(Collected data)
lemma rho_less_of_strict_subinvariant:
  fixes B :: "real mat"
  assumes B: "B \<in> carrier_mat n n" and nonneg: "\<forall>i<n. \<forall>j<n. B $$ (i, j) \<ge> 0"
    and x: "\<forall>i<n. x i > 0" and n: "n > 0"
    and sub: "\<forall>i<n. (\<Sum>j<n. B $$ (i, j) * x j) < s * x i"
  shows "rho B < s"
proof -
  obtain \<mu> where \<mu>: "eigenvalue (map_mat complex_of_real B) \<mu>" "rho B = cmod \<mu>"
    using rho_eq_eigenvalue_norm[OF B n] .
  obtain i where i: "i < n" "cmod \<mu> * x i \<le> (\<Sum>j<n. B $$ (i, j) * x j)"
    using eigenvalue_norm_le_weighted_row_sum[OF B nonneg x \<mu>(1)] .
  hence "cmod \<mu> * x i < s * x i" using sub by force
  moreover have "x i > 0" using x i(1) by simp
  ultimately show ?thesis using \<mu>(2) by (simp add: mult_less_cancel_right)
qed

lemma pow_mat_nonneg:
  fixes B :: "real mat"
  assumes B: "B \<in> carrier_mat n n" and nonneg: "\<forall>i<n. \<forall>j<n. B $$ (i, j) \<ge> 0"
  shows "\<forall>i<n. \<forall>j<n. (B ^\<^sub>m k) $$ (i, j) \<ge> 0"
proof (induction k)
  case 0
  then show ?case using B by auto
next
  case (Suc k)
  have "(B ^\<^sub>m Suc k) $$ (i, j) = (\<Sum>l<n. (B ^\<^sub>m k) $$ (i, l) * B $$ (l, j))"
    if "i < n" "j < n" for i j
    using index_mult_mat_sum[OF pow_carrier_mat[OF B] B that] by simp
  then show ?case using Suc nonneg by (auto intro!: sum_nonneg)
qed

lemma pow_mat_superinvariant:
  fixes B :: "real mat"
  assumes B: "B \<in> carrier_mat n n" and nonneg: "\<forall>i<n. \<forall>j<n. B $$ (i, j) \<ge> 0"
    and q: "q \<ge> 0" and super: "\<forall>i<n. q * x i \<le> (\<Sum>j<n. B $$ (i, j) * x j)"
  shows "\<forall>i<n. q ^ k * x i \<le> (\<Sum>j<n. (B ^\<^sub>m k) $$ (i, j) * x j)"
proof (induction k)
  case 0
  have "(\<Sum>j<n. (B ^\<^sub>m 0) $$ (i, j) * x j) = (\<Sum>j<n. if i = j then x j else 0)" if "i < n" for i
    using B that by (intro sum.cong) auto
  then show ?case by simp
next
  case (Suc k)
  have nonneg_k: "\<forall>i<n. \<forall>j<n. (B ^\<^sub>m k) $$ (i, j) \<ge> 0" by (rule pow_mat_nonneg[OF B nonneg])
  show ?case
  proof (intro allI impI)
    fix i assume i: "i < n"
    have "q ^ Suc k * x i \<le> q * (\<Sum>l<n. (B ^\<^sub>m k) $$ (i, l) * x l)"
      using Suc i q by (simp add: mult_left_mono mult.assoc)
    also have "\<dots> = (\<Sum>l<n. (B ^\<^sub>m k) $$ (i, l) * (q * x l))"
      by (simp add: sum_distrib_left algebra_simps)
    also have "\<dots> \<le> (\<Sum>l<n. (B ^\<^sub>m k) $$ (i, l) * (\<Sum>j<n. B $$ (l, j) * x j))"
      using nonneg_k i super by (intro sum_mono mult_left_mono) auto
    also have "\<dots> = (\<Sum>l<n. \<Sum>j<n. (B ^\<^sub>m k) $$ (i, l) * B $$ (l, j) * x j)"
      by (simp add: sum_distrib_left mult.assoc)
    also have "\<dots> = (\<Sum>j<n. (\<Sum>l<n. (B ^\<^sub>m k) $$ (i, l) * B $$ (l, j)) * x j)"
      by (subst sum.swap) (simp add: sum_distrib_right)
    also have "\<dots> = (\<Sum>j<n. (B ^\<^sub>m Suc k) $$ (i, j) * x j)"
      using index_mult_mat_sum[OF pow_carrier_mat[OF B, of k] B] i by (intro sum.cong) auto
    finally show "q ^ Suc k * x i \<le> (\<Sum>j<n. (B ^\<^sub>m Suc k) $$ (i, j) * x j)" .
  qed
qed

lemma pow_mat_bounded_of_rho_less_1:
  fixes B :: "real mat"
  assumes B: "B \<in> carrier_mat n n" and rho: "rho B < 1"
  obtains c where "\<And>k i j. i < n \<Longrightarrow> j < n \<Longrightarrow> (B ^\<^sub>m k) $$ (i, j) \<le> c"
proof -
  obtain c where c: "\<And>k. norm_bound (map_mat complex_of_real B ^\<^sub>m k) c"
    using spectral_radius_jnf_norm_bound_less_1_upper_triangular[of _ n] B rho
    unfolding rho_def by (metis map_carrier_mat)
  have "(B ^\<^sub>m k) $$ (i, j) \<le> c" if "i < n" "j < n" for k i j
  proof -
    have "norm (map_mat complex_of_real (B ^\<^sub>m k) $$ (i, j)) \<le> c"
      using c[of k] that B unfolding of_real_hom.mat_hom_pow[OF B] norm_bound_def by auto
    thus ?thesis using that B by auto
  qed
  thus thesis using that by blast
qed
end
text \<open>The edges inside a group fit into two rounds of messages to its leader.\<close>
lemma edge_count_le_2n: "edge_count i \<le> 2 * n"
proof (cases "2 \<le> card (P i)")
  case True
  have "edge_count i \<le> card (P i) * a"
    using edge_count_eq_card group_edges_le_edges_within edges_within_le[OF finite_P]
    by (metis le_trans mult.commute)
  moreover have "2 * a \<le> card (P i) * a" using True by simp
  ultimately show ?thesis using card_P_mult_le[of i] by linarith
next
  case False
  have "group_edges i = {}"
  proof (rule ccontr)
    assume "group_edges i \<noteq> {}"
    then obtain u w where "(u, w) \<in> group_edges i" by auto
    hence "u \<in> P i" "w \<in> P i" "u \<noteq> w" by (auto simp: group_edges_def mem_fwd group_members_def)
    hence "card {u, w} \<le> card (P i)" using finite_P by (intro card_mono) auto
    thus False using False \<open>u \<noteq> w\<close> by simp
  qed
  thus ?thesis using edge_count_eq_card by simp
qed

definition true_coloring :: "nat \<Rightarrow> nat \<Rightarrow> nat" where
  "true_coloring i = some_coloring (P i) (group_edges i) (2 * a + 1)"

lemma true_coloring_proper:
  "(\<forall>u\<in>P i. true_coloring i u < 2 * a + 1) \<and>
   (\<forall>p\<in>group_edges i. true_coloring i (fst p) \<noteq> true_coloring i (snd p))"
proof -
  obtain col where col: "\<forall>u\<in>P i. col u < 2 * a + 1"
    "\<forall>u\<in>P i. \<forall>w\<in>P i. {u, w} \<in> E \<longrightarrow> col u \<noteq> col w"
    using sparse_graph_colorable[of E a "P i"] edge_card edges_within_le finite_P by blast
  have "\<forall>p\<in>group_edges i. col (fst p) \<noteq> col (snd p)"
  proof
    fix p assume "p \<in> group_edges i"
    then obtain u w where "p = (u, w)" "u \<in> P i" "w \<in> fwd u" by (auto simp: group_edges_def)
    thus "col (fst p) \<noteq> col (snd p)" using col(2) by (auto simp: mem_fwd group_members_def)
  qed
  hence "\<exists>col. (\<forall>u\<in>P i. col u < 2 * a + 1) \<and> (\<forall>p\<in>group_edges i. col (fst p) \<noteq> col (snd p))"
    using col(1) by blast
  thus ?thesis unfolding true_coloring_def some_coloring_def by (rule someI_ex)
qed
(* Let $\{X(s),s\in\mathbb R^d\}$ be a strictly stationary, stochastically continuous real random field whose marginal c.d.f. $F$ is continuous and strictly increasing on its support, which is an interval. Fix $t\in\mathbb R^d$. For each $n\in\mathbb N$ let $T_f^{(n)}=\{t^{(n)}_1,\dots,t^{(n)}_n\}\subset\mathbb R^d$, $\mathbf X_n=(X(t^{(n)}_1),\dots,X(t^{(n)}_n))^\top$, let $\Lambda_n\subseteq\mathbb R^n$ and $g_n:\Lambda_n\times\mathbb R^n\to\mathbb R$ measurable, $\widehat X_\lambda(t)=g_n(\lambda,\mathbf X_n)$, and $\Lambda_{g,n}=\{\lambda\in\Lambda_n:\widehat X_\lambda(t)\text{ has c.d.f. }F\}$. Assume that for every $n$ and every $k\in\{1,\dots,n\}$ there exists $\tilde\lambda\in\Lambda_{g,n}$ with $g_n(\tilde\lambda,\mathbf X_n)=X(t^{(n)}_k)$ a.s., and that $\min_{k=1,\dots,n}\|t^{(n)}_k-t\|_2\to0$ as $n\to\infty$. Let $\gamma>0$ and let $\hat\lambda_n$ be a minimizer (assumed to exist) of one of the following problems (the same one for all $n$): (a) $\mathbf E F(X(t)\vee\widehat X_\lambda(t))$ over $\lambda\in\Lambda_{g,n}$; (b) $2\,\mathbf E F(X(t)\vee\widehat X_\lambda(t))-\mathbf E F(\widehat X_\lambda(t))$ over $\lambda\in\Lambda_n$; (c) $2\,\mathbf E F(X(t)\vee\widehat X_\lambda(t))-\mathbf E F(\widehat X_\lambda(t))+\gamma\big[\mathbf E F^2(\widehat X_\lambda(t))-\mathbf E[F(\widehat X_\lambda(t))\vee Y_\lambda]\big]$ over $\lambda\in\Lambda_n$, where $Y_\lambda$ is a copy of $F(\widehat X_\lambda(t))$ independent of it. Then $\widehat X_{\hat\lambda_n}(t)\to X(t)$ in probability as $n\to\infty$.
   Context: $a\vee b=\max\{a,b\}$. A random field is stochastically continuous if $X(s_k)\to X(s)$ in probability whenever $s_k\to s$. *)

theory Defs
  imports "HOL-Probability.Probability"
begin

definition conv_in_prob :: "'a measure \<Rightarrow> (nat \<Rightarrow> 'a \<Rightarrow> real) \<Rightarrow> ('a \<Rightarrow> real) \<Rightarrow> bool" where
  "conv_in_prob M Y Z \<longleftrightarrow>
     (\<forall>e>0. (\<lambda>n. measure M {\<omega> \<in> space M. \<bar>Y n \<omega> - Z \<omega>\<bar> > e}) \<longlonglongrightarrow> 0)"

definition strictly_stationary :: "'a measure \<Rightarrow> ('d::euclidean_space \<Rightarrow> 'a \<Rightarrow> real) \<Rightarrow> bool" where
  "strictly_stationary M X \<longleftrightarrow>
     (\<forall>(m::nat) (s::nat \<Rightarrow> 'd) h.
        distr M (PiM {..<m} (\<lambda>_. borel)) (\<lambda>\<omega>. restrict (\<lambda>i. X (s i + h) \<omega>) {..<m})
      = distr M (PiM {..<m} (\<lambda>_. borel)) (\<lambda>\<omega>. restrict (\<lambda>i. X (s i) \<omega>) {..<m}))"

- **TASK GOAL**
After reading the entries above, state the number of lines that contain the word "restrict", adding nothing else.

- **TASK RESPONSE**
2